Unser Schulkind ist nun bereits schon in der dritten Klasse. Während es mit der Zahlenwelt mal auf und mal ab geht, sind die Buchstaben doch schon lange ein fester Teil ihrer Kinderwelt. Auch außerhalb der schulischen Verpflichtungen wird geschrieben und mittlerweile gibt es sogar schon kleine Briefchen, die nicht für unsere Augen bestimmt sind. Der Mann ist in diesem Briefgeheimnis bewahren, tatsächlich besser als ich. Die Neuerscheinung "Ich schreib dir einen Brief: Alles für deine erste Post - mit 16-seitigem Heft, Briefpapier, Stickern, Umschlägen und Co."* aus dem Duden-Verlag kommt daher genau zur richtigen Zeit.
Abbildung vom Duden-Verlag
Die Box enthält ein kleines Heftchen, in dem der junge Leser nicht nur eine Einführung in die Geschichte des Briefeschreibens bekommt, sondern auch eine Anleitung, wie man einen Brief mit Ort und Datum, Anrede, Hauptteil, Schlusssatz und Grußformel gliedern kann. Genauso ausführlich wird der Briefumschlag vorgestellt. Danach folgt die besondere Form der Einladung und schließlich wird auch noch der elektronische Brief - die e-mails thematisiert. Dazu gibt es Spiele und Knobelaufgaben rund um das Thema Brief.

An der Box gefällt mir aber vor allem das nicht-elektronische, denn enthalten sind zehn Einladungskarten, zehn Postkarten mit zwei unterschiedlichen Motiven, ein Briefblock und ein Stickerbogen. Das Design des Inhalts kann man bereits auf der Schachteloberseite sehen.

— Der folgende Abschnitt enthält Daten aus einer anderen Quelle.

definition pmodel :: "('a set \<times> 'a set) set \<Rightarrow> 'a set \<Rightarrow> bool" where
  "pmodel Q J \<longleftrightarrow> (\<forall>(A, B) \<in> Q. B \<subseteq> J \<longrightarrow> A \<inter> J \<noteq> {})"

definition minimal_model :: "('a set \<times> 'a set) set \<Rightarrow> 'a set \<Rightarrow> bool" where
  "minimal_model Q I \<longleftrightarrow> pmodel Q I \<and> (\<forall>J. J \<subset> I \<longrightarrow> \<not> pmodel Q J)"

definition stable_model :: "'a rule set \<Rightarrow> 'a set \<Rightarrow> bool" where
  "stable_model P I \<longleftrightarrow> minimal_model (reduct P I) I"

datatype weight = W real | Alpha

fun wval :: "real \<Rightarrow> weight \<Rightarrow> real" where
  "wval a (W r) = r"
| "wval a Alpha = a"

definition lpmln_program :: "(weight \<times> 'a rule) set \<Rightarrow> bool" where
  "lpmln_program P \<longleftrightarrow> finite P \<and> (\<forall>(w, R) \<in> P. wf_rule R)"

definition sat_part :: "(weight \<times> 'a rule) set \<Rightarrow> 'a set \<Rightarrow> (weight \<times> 'a rule) set" where
  "sat_part P I = {(w, R) \<in> P. rsat I R}"

definition SM :: "(weight \<times> 'a rule) set \<Rightarrow> 'a set set" where
  "SM P = {I. stable_model (snd ` sat_part P I) I}"

text \<open>Unnormalised weight, with \<alpha> instantiated by the real parameter a.\<close>
definition Wt :: "(weight \<times> 'a rule) set \<Rightarrow> real \<Rightarrow> 'a set \<Rightarrow> real" where
  "Wt P a I = (if I \<in> SM P then exp (\<Sum>(w, R) \<in> sat_part P I. wval a w) else 0)"

definition Prob :: "(weight \<times> 'a rule) set \<Rightarrow> 'a set \<Rightarrow> real" where
  "Prob P I = Lim at_top (\<lambda>a. Wt P a I / (\<Sum>J \<in> SM P. Wt P a J))"

definition prob_stable_model :: "(weight \<times> 'a rule) set \<Rightarrow> 'a set \<Rightarrow> bool" where
  "prob_stable_model P I \<longleftrightarrow> Prob P I \<noteq> 0"

text \<open>Signature: constants Cs, probabilistic ones Pc \<subseteq> Cs, domains Dom.
  Atom c = v is the pair (c, v).  The declarations PF are given by pr:
  the declaration for probabilistic c is  pr c v1 : c = v1 | ... | pr c vn : c = vn.\<close>

definition sig_atoms :: "'c set \<Rightarrow> ('c \<Rightarrow> 'v set) \<Rightarrow> ('c \<times> 'v) set" where
  "sig_atoms Cs Dom = {(c, v). c \<in> Cs \<and> v \<in> Dom c}"

fun fm_atoms :: "'a fm \<Rightarrow> 'a set" where
  "fm_atoms (Atom a) = {a}"
| "fm_atoms Top = {}"
| "fm_atoms Bot = {}"
| "fm_atoms (Neg f) = fm_atoms f"
| "fm_atoms (Conj f g) = fm_atoms f \<union> fm_atoms g"
| "fm_atoms (Disj f g) = fm_atoms f \<union> fm_atoms g"
| "fm_atoms (Imp f g) = fm_atoms f \<union> fm_atoms g"

definition rule_atoms :: "'a rule \<Rightarrow> 'a set" where
  "rule_atoms R = head R \<union> pbody R \<union> fm_atoms (nbody R)"

definition mv_prob_program ::
  "'c set \<Rightarrow> 'c set \<Rightarrow> ('c \<Rightarrow> 'v set) \<Rightarrow> ('c \<Rightarrow> 'v \<Rightarrow> real) \<Rightarrow> ('c \<times> 'v) rule set \<Rightarrow> bool" where
  "mv_prob_program Cs Pc Dom pr Pi \<longleftrightarrow>
     finite Cs \<and> Pc \<subseteq> Cs \<and> (\<forall>c \<in> Cs. finite (Dom c)) \<and>
     (\<forall>c \<in> Pc. (\<forall>v \<in> Dom c. 0 \<le> pr c v \<and> pr c v \<le> 1) \<and> (\<Sum>v \<in> Dom c. pr c v) = 1) \<and>
     finite Pi \<and>
     (\<forall>R \<in> Pi. wf_rule R \<and> rule_atoms R \<subseteq> sig_atoms Cs Dom \<and>
                (\<forall>(c, v) \<in> head R. c \<notin> Pc))"

definition fact :: "'a \<Rightarrow> 'a rule" where
  "fact a = Rule {a} {} Top"

definition constraint :: "'a set \<Rightarrow> 'a fm \<Rightarrow> 'a rule" where
  "constraint B N = Rule {} B N"

definition dom_list :: "('c \<Rightarrow> 'v set) \<Rightarrow> 'c \<Rightarrow> 'v list" where
  "dom_list Dom c = (SOME vs. set vs = Dom c \<and> distinct vs)"

definition uniq_constraints :: "'c set \<Rightarrow> ('c \<Rightarrow> 'v set) \<Rightarrow> ('c \<times> 'v) rule set" where
  "uniq_constraints Cs Dom =
     {constraint {(c, v1), (c, v2)} Top | c v1 v2. c \<in> Cs \<and> v1 \<in> Dom c \<and> v2 \<in> Dom c \<and> v1 \<noteq> v2}"

definition exist_constraints :: "'c set \<Rightarrow> ('c \<Rightarrow> 'v set) \<Rightarrow> ('c \<times> 'v) rule set" where
  "exist_constraints Pc Dom =
     {constraint {} (Neg (disj_list (map (\<lambda>v. Atom (c, v)) (dom_list Dom c)))) | c. c \<in> Pc}"

definition T_trans ::
  "'c set \<Rightarrow> 'c set \<Rightarrow> ('c \<Rightarrow> 'v set) \<Rightarrow> ('c \<Rightarrow> 'v \<Rightarrow> real) \<Rightarrow> ('c \<times> 'v) rule set
   \<Rightarrow> (weight \<times> ('c \<times> 'v) rule) set" where
  "T_trans Cs Pc Dom pr Pi =
     {(W (ln (pr c v)), fact (c, v)) | c v. c \<in> Pc \<and> v \<in> Dom c \<and> 0 < pr c v \<and> pr c v < 1}
   \<union> {(Alpha, fact (c, v)) | c v. c \<in> Pc \<and> v \<in> Dom c \<and> pr c v = 1}
   \<union> {(Alpha, constraint {(c, v)} Top) | c v. c \<in> Pc \<and> v \<in> Dom c \<and> pr c v = 0}
   \<union> {(Alpha, R) | R. R \<in> Pi}
   \<union> {(Alpha, R) | R. R \<in> uniq_constraints Cs Dom}
   \<union> {(Alpha, R) | R. R \<in> exist_constraints Pc Dom}"

definition consistent :: "'c set \<Rightarrow> 'c set \<Rightarrow> ('c \<Rightarrow> 'v set) \<Rightarrow> ('c \<times> 'v) set \<Rightarrow> bool" where
  "consistent Cs Pc Dom I \<longleftrightarrow>
     (\<forall>R \<in> uniq_constraints Cs Dom \<union> exist_constraints Pc Dom. rsat I R)"

definition TC :: "'c set \<Rightarrow> ('c \<times> 'v) set \<Rightarrow> ('c \<times> 'v) set" where
  "TC Pc I = {(c, v) \<in> I. c \<in> Pc}"

definition SM2 :: "'c set \<Rightarrow> 'c set \<Rightarrow> ('c \<Rightarrow> 'v set) \<Rightarrow> ('c \<times> 'v) rule set \<Rightarrow> ('c \<times> 'v) set set" where
  "SM2 Cs Pc Dom Pi = {I. consistent Cs Pc Dom I \<and> stable_model (Pi \<union> fact ` TC Pc I) I}"

end

theory Submission
  imports Defs
begin

text \<open>The weight of a stable model \<open>I\<close> of an \<open>LP\<^sup>M\<^sup>L\<^sup>N\<close> program is
  \<open>exp (\<alpha> h(I) + s(I))\<close>, where \<open>h(I)\<close> counts the satisfied \<open>\<alpha>\<close>-rules and \<open>s(I)\<close> sums the
  real weights of the satisfied soft rules; as \<open>\<alpha> \<rightarrow> \<infinity>\<close> the normalised weight of \<open>I\<close> has a
  positive limit exactly when \<open>h(I)\<close> is maximal among all stable models.
  Since every probability is positive, the \<open>\<alpha>\<close>-rules of \<open>T(\<Pi>)\<close> are \<open>\<Pi>\<close>, the consistency
  constraints and the facts of probability 1, which consistency already forces; so an
  interpretation satisfies all of them iff it is a consistent model of \<open>\<Pi>\<close>. For such \<open>I\<close> the
  satisfied facts of \<open>T(\<Pi>)\<close> are \<open>TC(I)\<close> and the satisfied constraints do not affect
  stability, so \<open>I \<in> SM[T(\<Pi>)]\<close> iff \<open>I\<close> is stable for \<open>\<Pi> \<union> TC(I)\<close>. Finally, a member of
  \<open>SM''[\<Pi>]\<close> cut down to the signature shows that the maximum of \<open>h\<close> is attained.\<close>

section \<open>Normalised weights in the limit\<close>

lemma tendsto_exp_affine_at_top_neg:
  fixes d e :: real
  assumes "d < 0"
  shows "((\<lambda>a. exp (a * d + e)) \<longlongrightarrow> 0) at_top"
proof -
  have "filterlim (\<lambda>a. a * d) at_bot at_top"
    using filterlim_tendsto_neg_mult_at_bot[OF tendsto_const[of d] _ filterlim_ident] assms
    by (simp add: mult.commute)
  then have "filterlim (\<lambda>a. a * d + e) at_bot at_top"
    using filterlim_tendsto_add_at_bot_iff[OF tendsto_const[of e], of "\<lambda>a. a * d" at_top]
    by (simp add: add.commute)
  then show ?thesis
    by (rule filterlim_compose[OF exp_at_bot])
qed

lemma tendsto_softmax_at_top:
  fixes k c :: "'a \<Rightarrow> real"
  assumes fin: "finite S" and J0: "J0 \<in> S" and J0_max: "\<forall>J\<in>S. k J \<le> k J0" and I: "I \<in> S"
  defines "L J \<equiv> if k J = k J0 then exp (c J) else 0"
  shows "((\<lambda>a. exp (a * k I + c I) / (\<Sum>J\<in>S. exp (a * k J + c J))) \<longlongrightarrow> L I / sum L S) at_top"
    and "sum L S > 0"
proof -
  show pos: "sum L S > 0"
    by (rule sum_pos2[OF fin J0]) (auto simp: L_def)
  have lim: "((\<lambda>a. exp (a * (k J - k J0) + c J)) \<longlongrightarrow> L J) at_top" if "J \<in> S" for J
  proof (cases "k J = k J0")
    case False
    with J0_max that have "k J - k J0 < 0" by force
    with False show ?thesis by (simp add: L_def tendsto_exp_affine_at_top_neg)
  qed (simp add: L_def)
  have rescale: "exp (a * k J + c J) = exp (a * k J0) * exp (a * (k J - k J0) + c J)" for a J
    by (simp add: exp_add[symmetric] algebra_simps)
  have "((\<lambda>a. exp (a * (k I - k J0) + c I) / (\<Sum>J\<in>S. exp (a * (k J - k J0) + c J)))
      \<longlongrightarrow> L I / sum L S) at_top"
    using pos by (intro tendsto_divide lim[OF I] tendsto_sum lim) auto
  then show "((\<lambda>a. exp (a * k I + c I) / (\<Sum>J\<in>S. exp (a * k J + c J))) \<longlongrightarrow> L I / sum L S) at_top"
    by (simp add: rescale sum_distrib_left[symmetric])
qed

definition hard_rules :: "(weight \<times> 'a rule) set \<Rightarrow> 'a rule set" where
  "hard_rules P = {R. (Alpha, R) \<in> P}"

definition hard_count :: "(weight \<times> 'a rule) set \<Rightarrow> 'a set \<Rightarrow> nat" where
  "hard_count P I = card (hard_rules (sat_part P I))"

definition soft_weight :: "(weight \<times> 'a rule) set \<Rightarrow> 'a set \<Rightarrow> real" where
  "soft_weight P I = (\<Sum>(w, R) \<in> sat_part P I. wval 0 w)"

lemma finite_hard_rules:
  assumes "finite P"
  shows "finite (hard_rules P)"
proof -
  have "finite (Pair Alpha -` P)"
    using assms by (rule finite_vimageI) (simp add: inj_on_def)
  then show ?thesis
    by (simp add: hard_rules_def vimage_def)
qed

lemma hard_rules_sat_part: "hard_rules (sat_part P I) = {R \<in> hard_rules P. rsat I R}"
  by (auto simp: hard_rules_def sat_part_def)

lemma snd_image_sat_part: "snd ` sat_part P I = {R \<in> snd ` P. rsat I R}"
  unfolding sat_part_def by force

lemma sum_wval_sat_part:
  assumes "finite P"
  shows "(\<Sum>(w, R) \<in> sat_part P I. wval a w) = a * hard_count P I + soft_weight P I"
proof -
  let ?S = "sat_part P I"
  have fin: "finite ?S"
    using assms finite_subset[of ?S P] by (auto simp: sat_part_def)
  have wval_split: "wval a w = (if w = Alpha then a else 0) + wval 0 w" for w
    by (cases w) auto
  have "{x \<in> ?S. fst x = Alpha} = Pair Alpha ` hard_rules ?S"
    by (auto simp: hard_rules_def)
  then have "card {x \<in> ?S. fst x = Alpha} = hard_count P I"
    by (simp add: hard_count_def card_image inj_on_def)
  moreover have "(\<Sum>x\<in>?S. if fst x = Alpha then a else 0) = a * card {x \<in> ?S. fst x = Alpha}"
    using fin by (simp add: sum.inter_filter[symmetric])
  ultimately show ?thesis
    by (simp add: soft_weight_def case_prod_beta wval_split sum.distrib)
qed

lemma Wt_eq_exp:
  "finite P \<Longrightarrow> I \<in> SM P \<Longrightarrow> Wt P a I = exp (a * hard_count P I + soft_weight P I)"
  by (simp add: Wt_def sum_wval_sat_part)

lemma hard_count_le: "finite P \<Longrightarrow> hard_count P I \<le> card (hard_rules P)"
  unfolding hard_count_def hard_rules_sat_part by (intro card_mono finite_hard_rules) auto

Unser Schulkind wird ihre Box bei der Zeugnisvergabe im Februar bekommen und ich bin schon sehr gespannt, an wen sie als erstes schreiben wird. Ich selbst kann mich noch ziemlich gut, an meinen ersten Briefblock erinnern. Eigentlich schade, dass ich nun schon so lange keinen mehr habe und mir auch nicht mehr die Zeit zum händischen Briefe schreiben nehmen kann. Wie ist das bei euch?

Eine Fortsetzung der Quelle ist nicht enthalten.